→ PROBLEM DESCRIPTION
The expected output is each line below containing "path", copied in full.

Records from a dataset

_ _ _ _

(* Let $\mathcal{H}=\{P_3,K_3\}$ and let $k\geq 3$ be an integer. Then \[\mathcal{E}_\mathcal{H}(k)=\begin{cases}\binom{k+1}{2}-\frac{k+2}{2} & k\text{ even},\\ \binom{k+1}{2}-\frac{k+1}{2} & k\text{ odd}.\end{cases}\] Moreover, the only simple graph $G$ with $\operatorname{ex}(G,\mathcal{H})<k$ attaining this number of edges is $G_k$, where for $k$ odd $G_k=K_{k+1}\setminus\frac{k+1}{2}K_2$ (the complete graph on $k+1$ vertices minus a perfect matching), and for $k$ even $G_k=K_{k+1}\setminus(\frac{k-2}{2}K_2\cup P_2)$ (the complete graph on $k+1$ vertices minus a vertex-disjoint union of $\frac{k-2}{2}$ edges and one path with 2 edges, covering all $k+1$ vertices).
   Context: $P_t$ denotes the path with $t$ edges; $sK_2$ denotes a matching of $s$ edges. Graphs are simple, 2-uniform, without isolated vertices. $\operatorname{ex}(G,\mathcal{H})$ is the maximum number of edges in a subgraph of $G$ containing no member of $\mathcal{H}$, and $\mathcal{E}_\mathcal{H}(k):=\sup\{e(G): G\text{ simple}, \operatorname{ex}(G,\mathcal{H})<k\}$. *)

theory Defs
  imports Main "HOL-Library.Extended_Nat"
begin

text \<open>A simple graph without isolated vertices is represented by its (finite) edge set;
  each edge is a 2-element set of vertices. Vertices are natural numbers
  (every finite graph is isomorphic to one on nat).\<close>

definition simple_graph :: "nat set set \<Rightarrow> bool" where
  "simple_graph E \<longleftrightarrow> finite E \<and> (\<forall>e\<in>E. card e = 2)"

_ _ _ _

→ TASK OUTPUT
(* Let $\mathcal{H}=\{P_3,K_3\}$ and let $k\geq 3$ be an integer. Then \[\mathcal{E}_\mathcal{H}(k)=\begin{cases}\binom{k+1}{2}-\frac{k+2}{2} & k\text{ even},\\ \binom{k+1}{2}-\frac{k+1}{2} & k\text{ odd}.\end{cases}\] Moreover, the only simple graph $G$ with $\operatorname{ex}(G,\mathcal{H})<k$ attaining this number of edges is $G_k$, where for $k$ odd $G_k=K_{k+1}\setminus\frac{k+1}{2}K_2$ (the complete graph on $k+1$ vertices minus a perfect matching), and for $k$ even $G_k=K_{k+1}\setminus(\frac{k-2}{2}K_2\cup P_2)$ (the complete graph on $k+1$ vertices minus a vertex-disjoint union of $\frac{k-2}{2}$ edges and one path with 2 edges, covering all $k+1$ vertices).
   Context: $P_t$ denotes the path with $t$ edges; $sK_2$ denotes a matching of $s$ edges. Graphs are simple, 2-uniform, without isolated vertices. $\operatorname{ex}(G,\mathcal{H})$ is the maximum number of edges in a subgraph of $G$ containing no member of $\mathcal{H}$, and $\mathcal{E}_\mathcal{H}(k):=\sup\{e(G): G\text{ simple}, \operatorname{ex}(G,\mathcal{H})<k\}$. *)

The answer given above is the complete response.